What you will do. Take each line from the material below that includes the string "finally" and copy it.

*** Data for this task ***

lemma puiseux_rep_refine:
  assumes rep: "puiseux_rep N a f" and "M > 0"
  shows "puiseux_rep (N * M) (\<lambda>k. if M dvd k then a (k div M) else 0) f"
proof -
  define b where "b = (\<lambda>k. if M dvd k then a (k div M) else 0)"
  from rep obtain r where "r > 0" and summ: "\<And>t. \<bar>t\<bar> < r \<Longrightarrow> summable (\<lambda>k. a k * t ^ k)"
    and ev: "\<forall>\<^sub>F y in at_right 0. f y = (\<Sum>k. a k * (y powr (1 / real N)) ^ k)"
    and "N > 0" "a 0 = 0"
    unfolding puiseux_rep_def by blast
  have mult_M: "strict_mono (\<lambda>j. M * j)"
    using \<open>M > 0\<close> by (simp add: strict_mono_def)
  have outside: "b n * t ^ n = 0" if "n \<notin> range (\<lambda>j. M * j)" for n and t :: real
    using that unfolding b_def by (auto elim: dvdE)
  have reindex: "(\<lambda>j. b (M * j) * t ^ (M * j)) = (\<lambda>j. a j * (t ^ M) ^ j)" for t :: real
    using \<open>M > 0\<close> unfolding b_def by (simp add: power_mult)
  have summ_b: "summable (\<lambda>k. b k * t ^ k)" if "\<bar>t\<bar> < min 1 r" for t :: real
  proof -
    have "\<bar>t\<bar> ^ M \<le> \<bar>t\<bar> ^ 1"
      using that \<open>M > 0\<close> by (intro power_decreasing) auto
    with that have "\<bar>t ^ M\<bar> < r" by (simp add: power_abs)
    then have "summable (\<lambda>j. b (M * j) * t ^ (M * j))"
      unfolding reindex by (rule summ)
    then show ?thesis
      using summable_mono_reindex[OF mult_M, of "\<lambda>k. b k * t ^ k"] outside by simp
  qed
  have sum_b: "(\<Sum>k. b k * t ^ k) = (\<Sum>j. a j * (t ^ M) ^ j)" for t :: real
    using suminf_mono_reindex[OF mult_M, of "\<lambda>k. b k * t ^ k"] outside reindex by simp
  have "\<forall>\<^sub>F y in at_right 0. f y = (\<Sum>k. b k * (y powr (1 / real (N * M))) ^ k)"
    using ev eventually_at_right_less[of "0::real"]
  proof eventually_elim
    case (elim y)
    have "(y powr (1 / real (N * M))) ^ M = y powr (1 / real N)"
      using \<open>y > 0\<close> \<open>M > 0\<close> by (simp add: powr_realpow[symmetric] powr_powr)
    with elim show ?case
      unfolding sum_b by simp
  qed
  moreover have "b 0 = 0"
    using \<open>a 0 = 0\<close> unfolding b_def by simp
  ultimately show ?thesis
    unfolding puiseux_rep_def b_def[symmetric]
    using \<open>N > 0\<close> \<open>M > 0\<close> \<open>r > 0\<close> summ_b by (intro conjI exI[of _ "min 1 r"]) simp_all
qed

lemma puiseux_rep_diff:
  assumes f: "puiseux_rep N a f" and g: "puiseux_rep N b g"
  shows "puiseux_rep N (\<lambda>k. a k - b k) (\<lambda>y. f y - g y)"
proof -
  from f obtain r1 where "r1 > 0" and summ_a: "\<And>t. \<bar>t\<bar> < r1 \<Longrightarrow> summable (\<lambda>k. a k * t ^ k)"
    and ev_f: "\<forall>\<^sub>F y in at_right 0. f y = (\<Sum>k. a k * (y powr (1 / real N)) ^ k)"
    and "N > 0" "a 0 = 0"
    unfolding puiseux_rep_def by blast
  from g obtain r2 where "r2 > 0" and summ_b: "\<And>t. \<bar>t\<bar> < r2 \<Longrightarrow> summable (\<lambda>k. b k * t ^ k)"
    and ev_g: "\<forall>\<^sub>F y in at_right 0. g y = (\<Sum>k. b k * (y powr (1 / real N)) ^ k)"
    and "b 0 = 0"
    unfolding puiseux_rep_def by blast
  define r where "r = min r1 r2"
  have summ: "summable (\<lambda>k. a k * t ^ k)" "summable (\<lambda>k. b k * t ^ k)" if "\<bar>t\<bar> < r" for t
    using that summ_a summ_b unfolding r_def by auto
  have "\<forall>\<^sub>F y in at_right 0. y powr (1 / real N) < r"
    using order_tendstoD(2)[OF powr_tendsto_zero_at_right, of "1 / real N" r]
      \<open>N > 0\<close> \<open>r1 > 0\<close> \<open>r2 > 0\<close>
    unfolding r_def by simp
  then have "\<forall>\<^sub>F y in at_right 0. f y - g y = (\<Sum>k. (a k - b k) * (y powr (1 / real N)) ^ k)"
    using ev_f ev_g eventually_at_right_less[of "0::real"]
    by eventually_elim (simp add: suminf_diff[OF summ] left_diff_distrib)
  then show ?thesis
    unfolding puiseux_rep_def
    using \<open>N > 0\<close> \<open>a 0 = 0\<close> \<open>b 0 = 0\<close> \<open>r1 > 0\<close> \<open>r2 > 0\<close> summable_diff[OF summ]
    by (intro conjI exI[of _ r]) (simp_all add: r_def left_diff_distrib)
qed

lemma has_puiseux_rep_diff:
  assumes "has_puiseux_rep f" "has_puiseux_rep g"
  shows "has_puiseux_rep (\<lambda>y. f y - g y)"
proof -
  obtain N a M b where f: "puiseux_rep N a f" and g: "puiseux_rep M b g"
    using assms by blast
  then have "N > 0" "M > 0" unfolding puiseux_rep_def by auto
  have "puiseux_rep (N * M) (\<lambda>k. if M dvd k then a (k div M) else 0) f"
    using puiseux_rep_refine[OF f \<open>M > 0\<close>] .
  moreover have "puiseux_rep (N * M) (\<lambda>k. if N dvd k then b (k div N) else 0) g"
    using puiseux_rep_refine[OF g \<open>N > 0\<close>] by (simp add: mult.commute)
  ultimately show ?thesis
    using puiseux_rep_diff by blast
qed

lemma puiseux_ord_fun_diff_commute:
  assumes "has_puiseux_rep f" "has_puiseux_rep g"
  shows "puiseux_ord_fun (\<lambda>y. f y - g y) = puiseux_ord_fun (\<lambda>y. g y - f y)"
proof -
  have "puiseux_ord_fun (\<lambda>y. f y - g y) \<le> puiseux_ord_fun (\<lambda>y. g y - f y)"
    if f: "has_puiseux_rep f" and g: "has_puiseux_rep g" for f g
  proof (rule ccontr)
    assume "\<not> ?thesis"
    then have less: "puiseux_ord_fun (\<lambda>y. g y - f y) < puiseux_ord_fun (\<lambda>y. f y - g y)"
      by simp
    then have finite: "puiseux_ord_fun (\<lambda>y. g y - f y) \<noteq> \<infinity>"
      by auto
    obtain e where e: "puiseux_ord_fun (\<lambda>y. g y - f y) = ereal e"
      and not_zero: "\<not> ((\<lambda>y. (g y - f y) / y powr e) \<longlongrightarrow> 0) (at_right 0)"
      by (rule puiseux_ord_fun_finiteE[OF has_puiseux_rep_diff[OF g f] finite])
    have "((\<lambda>y. (f y - g y) / y powr e) \<longlongrightarrow> 0) (at_right 0)"
      using less e by (intro tendsto_div_powr_zero_below_puiseux_ord has_puiseux_rep_diff[OF f g]) simp
    then have "((\<lambda>y. - ((f y - g y) / y powr e)) \<longlongrightarrow> - 0) (at_right 0)"
      by (rule tendsto_minus)
    with not_zero show False
      by (simp add: minus_divide_left)
  qed
  with assms show ?thesis
    by (simp add: order_antisym)
qed

lemma puiseux_ord_fun_diff_ultrametric:
  assumes "has_puiseux_rep f" "has_puiseux_rep g" "has_puiseux_rep h"
  shows "min (puiseux_ord_fun (\<lambda>y. f y - g y)) (puiseux_ord_fun (\<lambda>y. g y - h y))
    \<le> puiseux_ord_fun (\<lambda>y. f y - h y)"
proof (rule ccontr)
  assume "\<not> ?thesis"
  then have less: "puiseux_ord_fun (\<lambda>y. f y - h y) < puiseux_ord_fun (\<lambda>y. f y - g y)"
    "puiseux_ord_fun (\<lambda>y. f y - h y) < puiseux_ord_fun (\<lambda>y. g y - h y)"
    by (simp_all add: not_le)
  then have finite: "puiseux_ord_fun (\<lambda>y. f y - h y) \<noteq> \<infinity>"
    by auto
  obtain e where e: "puiseux_ord_fun (\<lambda>y. f y - h y) = ereal e"
    and not_zero: "\<not> ((\<lambda>y. (f y - h y) / y powr e) \<longlongrightarrow> 0) (at_right 0)"
    by (rule puiseux_ord_fun_finiteE[OF has_puiseux_rep_diff[OF assms(1,3)] finite])
  have "((\<lambda>y. (f y - g y) / y powr e + (g y - h y) / y powr e) \<longlongrightarrow> 0 + 0) (at_right 0)"
    using less e assms
    by (intro tendsto_add tendsto_div_powr_zero_below_puiseux_ord has_puiseux_rep_diff[OF assms(1,2)]
        has_puiseux_rep_diff[OF assms(2,3)]) simp_all
  with not_zero show False
    by (simp add: add_divide_distrib[symmetric])
qed

lemma puiseux_ord_fun_diff_mono:
  assumes "has_puiseux_rep f" "has_puiseux_rep g" "has_puiseux_rep h"
    and "\<forall>\<^sub>F y in at_right 0. f y < g y" "\<forall>\<^sub>F y in at_right 0. g y < h y"
  shows "puiseux_ord_fun (\<lambda>y. h y - f y) \<le> puiseux_ord_fun (\<lambda>y. g y - f y)"
proof (rule ccontr)
  assume "\<not> ?thesis"
  then have less: "puiseux_ord_fun (\<lambda>y. g y - f y) < puiseux_ord_fun (\<lambda>y. h y - f y)"
    by simp
  then have finite: "puiseux_ord_fun (\<lambda>y. g y - f y) \<noteq> \<infinity>"
    by auto
  obtain e where e: "puiseux_ord_fun (\<lambda>y. g y - f y) = ereal e"
    and not_zero: "\<not> ((\<lambda>y. (g y - f y) / y powr e) \<longlongrightarrow> 0) (at_right 0)"
    by (rule puiseux_ord_fun_finiteE[OF has_puiseux_rep_diff[OF assms(2,1)] finite])
  have upper_lim: "((\<lambda>y. (h y - f y) / y powr e) \<longlongrightarrow> 0) (at_right 0)"
    using less e by (intro tendsto_div_powr_zero_below_puiseux_ord has_puiseux_rep_diff[OF assms(3,1)]) simp
  have lower: "\<forall>\<^sub>F y in at_right 0. 0 \<le> (g y - f y) / y powr e"
    using assms(4) by eventually_elim simp
  have upper: "\<forall>\<^sub>F y in at_right 0. (g y - f y) / y powr e \<le> (h y - f y) / y powr e"
    using assms(5) eventually_at_right_less[of "0::real"]
    by eventually_elim (simp add: divide_right_mono)
  have "((\<lambda>y. (g y - f y) / y powr e) \<longlongrightarrow> 0) (at_right 0)"
    by (rule tendsto_sandwich[OF lower upper tendsto_const upper_lim])
  with not_zero show False ..
qed

lemma arc_dist_rep: "arc_dist \<alpha> \<beta> = inverse (puiseux_ord_fun (\<lambda>y. rep_rgerm \<alpha> y - rep_rgerm \<beta> y))"
proof -
  have "germ_minus \<alpha> \<beta> = abs_rgerm (\<lambda>y. rep_rgerm \<alpha> y - rep_rgerm \<beta> y)"
    by (metis germ_minus.abs_eq Quotient_abs_rep[OF Quotient_rgerm])
  then show ?thesis
    unfolding arc_dist_def by (simp add: puiseux_ord.abs_eq divide_ereal_def)
qed

lemma germ_less_rep: "germ_less \<alpha> \<beta> \<longleftrightarrow> (\<forall>\<^sub>F y in at_right 0. rep_rgerm \<alpha> y < rep_rgerm \<beta> y)"
  by (metis germ_less.abs_eq Quotient_abs_rep[OF Quotient_rgerm])

lemma arcs_has_puiseux_rep: "\<alpha> \<in> arcs \<Longrightarrow> has_puiseux_rep (rep_rgerm \<alpha>)"
  unfolding arcs_def by (simp add: is_arc.rep_eq)

lemma arc_dist_commute: "\<alpha> \<in> arcs \<Longrightarrow> \<beta> \<in> arcs \<Longrightarrow> arc_dist \<alpha> \<beta> = arc_dist \<beta> \<alpha>"
  unfolding arc_dist_rep by (subst puiseux_ord_fun_diff_commute) (simp_all add: arcs_has_puiseux_rep)

lemma arc_dist_ultrametric:
  assumes "\<alpha> \<in> arcs" "\<beta> \<in> arcs" "\<gamma> \<in> arcs"
  shows "arc_dist \<alpha> \<gamma> \<le> max (arc_dist \<alpha> \<beta>) (arc_dist \<beta> \<gamma>)"
proof -
  define ord where "ord \<alpha>' \<beta>' = puiseux_ord_fun (\<lambda>y. rep_rgerm \<alpha>' y - rep_rgerm \<beta>' y)" for \<alpha>' \<beta>'
  have "0 \<le> min (ord \<alpha> \<beta>) (ord \<beta> \<gamma>)"
    using assms unfolding ord_def
    by (simp add: puiseux_ord_fun_nonneg has_puiseux_rep_diff arcs_has_puiseux_rep)
  moreover have "min (ord \<alpha> \<beta>) (ord \<beta> \<gamma>) \<le> ord \<alpha> \<gamma>"
    using assms unfolding ord_def by (simp add: puiseux_ord_fun_diff_ultrametric arcs_has_puiseux_rep)
  ultimately have "inverse (ord \<alpha> \<gamma>) \<le> inverse (min (ord \<alpha> \<beta>) (ord \<beta> \<gamma>))"
    by (rule ereal_inverse_antimono)
  also have "\<dots> \<le> max (inverse (ord \<alpha> \<beta>)) (inverse (ord \<beta> \<gamma>))"
    by (simp add: min_def)
  finally show ?thesis
    unfolding arc_dist_rep ord_def .
qed

lemma arc_dist_mono:
  assumes "\<alpha> \<in> arcs" "\<beta> \<in> arcs" "\<gamma> \<in> arcs" "germ_less \<alpha> \<beta>" "germ_less \<beta> \<gamma>"
  shows "arc_dist \<alpha> \<beta> \<le> arc_dist \<alpha> \<gamma>"
proof -
  have "0 \<le> puiseux_ord_fun (\<lambda>y. rep_rgerm \<gamma> y - rep_rgerm \<alpha> y)"
    using assms by (simp add: puiseux_ord_fun_nonneg has_puiseux_rep_diff arcs_has_puiseux_rep)
  moreover have "puiseux_ord_fun (\<lambda>y. rep_rgerm \<gamma> y - rep_rgerm \<alpha> y)
      \<le> puiseux_ord_fun (\<lambda>y. rep_rgerm \<beta> y - rep_rgerm \<alpha> y)"
    using assms by (simp add: puiseux_ord_fun_diff_mono arcs_has_puiseux_rep germ_less_rep)
  ultimately have "arc_dist \<beta> \<alpha> \<le> arc_dist \<gamma> \<alpha>"
    unfolding arc_dist_rep by (rule ereal_inverse_antimono)
  with assms show ?thesis
    by (metis arc_dist_commute)
qed

lemma arc_dist_le_width: "\<alpha> \<in> A \<Longrightarrow> \<beta> \<in> A \<Longrightarrow> arc_dist \<alpha> \<beta> \<le> width A"
  unfolding width_def by (rule SUP_upper2[of "(\<alpha>, \<beta>)"]) auto

lemma width_le_if_arc_dist_le:
  assumes "A \<subseteq> arcs" "\<alpha> \<in> A" "\<And>\<beta>. \<beta> \<in> A \<Longrightarrow> arc_dist \<beta> \<alpha> \<le> M"
  shows "width A \<le> M"
  unfolding width_def
proof (rule SUP_least, clarify)
  fix \<beta> \<gamma> assume "\<beta> \<in> A" "\<gamma> \<in> A"
  with assms have "arc_dist \<beta> \<gamma> \<le> max (arc_dist \<beta> \<alpha>) (arc_dist \<alpha> \<gamma>)"
    by (intro arc_dist_ultrametric) auto
  also have "\<dots> \<le> M"
    using assms \<open>\<beta> \<in> A\<close> \<open>\<gamma> \<in> A\<close> by (auto simp: arc_dist_commute[of \<alpha> \<gamma>] subsetD)
  finally show "arc_dist (fst (\<beta>, \<gamma>)) (snd (\<beta>, \<gamma>)) \<le> M"
    by simp
qed

lemma closed_zoneI: "\<alpha> \<in> A \<Longrightarrow> \<beta> \<in> A \<Longrightarrow> width A \<le> arc_dist \<alpha> \<beta> \<Longrightarrow> closed_zone A"
  unfolding closed_zone_def using arc_dist_le_width order_antisym by blast
(* Let $(X,d)$ be a complete $\mathrm{CAT}(0)$-space and $f:X\to\mathbb{R}$ a lower semi-continuous quasi-convex function. Assume in addition that either (1) $\inf_X f>-\infty$, or (2) $f$ is $\lambda$-convex for some $\lambda<0$. Then for every $x\in X$ and every $\tau>0$ (with $\tau<(-\lambda)^{-1}$ in case (2)), the set $\mathcal J^f_\tau(x)$ is nonempty. Moreover, in case (2) with $\tau<(-\lambda)^{-1}$, $\mathcal J^f_\tau(x)$ consists of exactly one point.
   Context: A metric space is geodesic if any two points $x,y$ are joined by a curve $\gamma:[0,1]\to X$ with $\gamma(0)=x$, $\gamma(1)=y$, $d(\gamma(s),\gamma(t))=|t-s|d(x,y)$ (a minimal geodesic). A geodesic metric space $(X,d)$ is a $\mathrm{CAT}(0)$-space if for all $x,y,z\in X$ and every minimal geodesic $\gamma$ from $y$ to $z$, $d^2(x,\gamma(s))\le(1-s)d^2(x,y)+sd^2(x,z)-(1-s)sd^2(y,z)$ for all $s\in[0,1]$; then minimal geodesics are unique, denoted $\gamma_{xy}$. $f$ is quasi-convex if $f(\gamma_{xy}(s))\le\max\{f(x),f(y)\}$ for all $x,y\in X$, $s\in(0,1)$; $f$ is $\lambda$-convex if $f(\gamma_{xy}(s))\le(1-s)f(x)+sf(y)-\frac{\lambda}{2}(1-s)sd^2(x,y)$ for all $x,y$, $s\in(0,1)$. For $\tau>0$, $f_\tau(x):=\inf_{z\in X}\{f(z)+d^2(x,z)/(2\tau)\}$ and $\mathcal J^f_\tau(x):=\{z\in X: f(z)+d^2(x,z)/(2\tau)=f_\tau(x)\}$. *)

theory Defs
  imports "HOL-Analysis.Analysis"
begin

definition min_geodesic :: "(real \<Rightarrow> 'a::metric_space) \<Rightarrow> 'a \<Rightarrow> 'a \<Rightarrow> bool" where
  "min_geodesic \<gamma> x y \<longleftrightarrow> \<gamma> 0 = x \<and> \<gamma> 1 = y \<and>
     (\<forall>s\<in>{0..1}. \<forall>t\<in>{0..1}. dist (\<gamma> s) (\<gamma> t) = \<bar>t - s\<bar> * dist x y)"

definition geodesic_space :: "'a::metric_space itself \<Rightarrow> bool" where
  "geodesic_space _ \<longleftrightarrow> (\<forall>x y::'a. \<exists>\<gamma>. min_geodesic \<gamma> x y)"

definition CAT0 :: "'a::metric_space itself \<Rightarrow> bool" where
  "CAT0 T \<longleftrightarrow> geodesic_space T \<and>
     (\<forall>x y z::'a. \<forall>\<gamma>. min_geodesic \<gamma> y z \<longrightarrow>
        (\<forall>s\<in>{0..1}. (dist x (\<gamma> s))\<^sup>2 \<le> (1 - s) * (dist x y)\<^sup>2 + s * (dist x z)\<^sup>2
                                     - (1 - s) * s * (dist y z)\<^sup>2))"

definition lower_semicontinuous :: "('a::topological_space \<Rightarrow> real) \<Rightarrow> bool" where
  "lower_semicontinuous f \<longleftrightarrow> (\<forall>x c. c < f x \<longrightarrow> (\<forall>\<^sub>F y in nhds x. c < f y))"

definition quasi_convex :: "('a::metric_space \<Rightarrow> real) \<Rightarrow> bool" where
  "quasi_convex f \<longleftrightarrow> (\<forall>x y \<gamma>. min_geodesic \<gamma> x y \<longrightarrow>
      (\<forall>s\<in>{0<..<1}. f (\<gamma> s) \<le> max (f x) (f y)))"

definition lambda_convex :: "real \<Rightarrow> ('a::metric_space \<Rightarrow> real) \<Rightarrow> bool" where
  "lambda_convex lam f \<longleftrightarrow> (\<forall>x y \<gamma>. min_geodesic \<gamma> x y \<longrightarrow>
      (\<forall>s\<in>{0<..<1}. f (\<gamma> s) \<le> (1 - s) * f x + s * f y - lam / 2 * (1 - s) * s * (dist x y)\<^sup>2))"

definition moreau :: "('a::metric_space \<Rightarrow> real) \<Rightarrow> real \<Rightarrow> 'a \<Rightarrow> real" where
  "moreau f \<tau> x = (INF z. f z + (dist x z)\<^sup>2 / (2 * \<tau>))"

definition resolvent :: "('a::metric_space \<Rightarrow> real) \<Rightarrow> real \<Rightarrow> 'a \<Rightarrow> 'a set" where
  "resolvent f \<tau> x = {z. f z + (dist x z)\<^sup>2 / (2 * \<tau>) = moreau f \<tau> x}"

end

theory Submission
  imports Defs
begin

text \<open>
  Take a minimizing sequence \<open>z\<^sub>n\<close> of \<open>z \<mapsto> f z + d(x,z)\<^sup>2/(2\<tau>)\<close>. A lower bound on \<open>f\<close>
  (global, or, for \<open>\<lambda>\<close>-convex \<open>f\<close>, a quadratic minorant obtained from lower semicontinuity at \<open>x\<close>)
  keeps it bounded, so along a subsequence \<open>f(z\<^sub>n) \<rightarrow> c\<close> and \<open>d(x,z\<^sub>n) \<rightarrow> d\<close> with
  \<open>c + d\<^sup>2/(2\<tau>)\<close> at most the infimum. No compactness is available, so a point realizing \<open>(c,d)\<close> is found
  instead in the nested closed sublevel sets \<open>{f \<le> c + 1/(n+1)}\<close>, which are geodesically convex by
  quasi-convexity: by the CAT(0) inequality at the midpoint, almost-nearest points to \<open>x\<close> in these
  sets form a Cauchy sequence, whose limit lies in all of them at distance at most \<open>d\<close> from \<open>x\<close>.
  Uniqueness for \<open>\<lambda>\<close>-convex \<open>f\<close> and \<open>\<tau> < 1/(-\<lambda>)\<close>: the objective is then strictly convex at
  midpoints, with modulus \<open>\<lambda> + 1/\<tau> > 0\<close>.
\<close>

lemma CAT0_geodesicE:
  assumes "CAT0 TYPE('a::metric_space)"
  obtains \<gamma> where "min_geodesic \<gamma> (y::'a) z"
  using assms unfolding CAT0_def geodesic_space_def by blast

*** End of Data for this task ***

Answer section.
  finally show ?thesis
  finally show "arc_dist (fst (\<beta>, \<gamma>)) (snd (\<beta>, \<gamma>)) \<le> M"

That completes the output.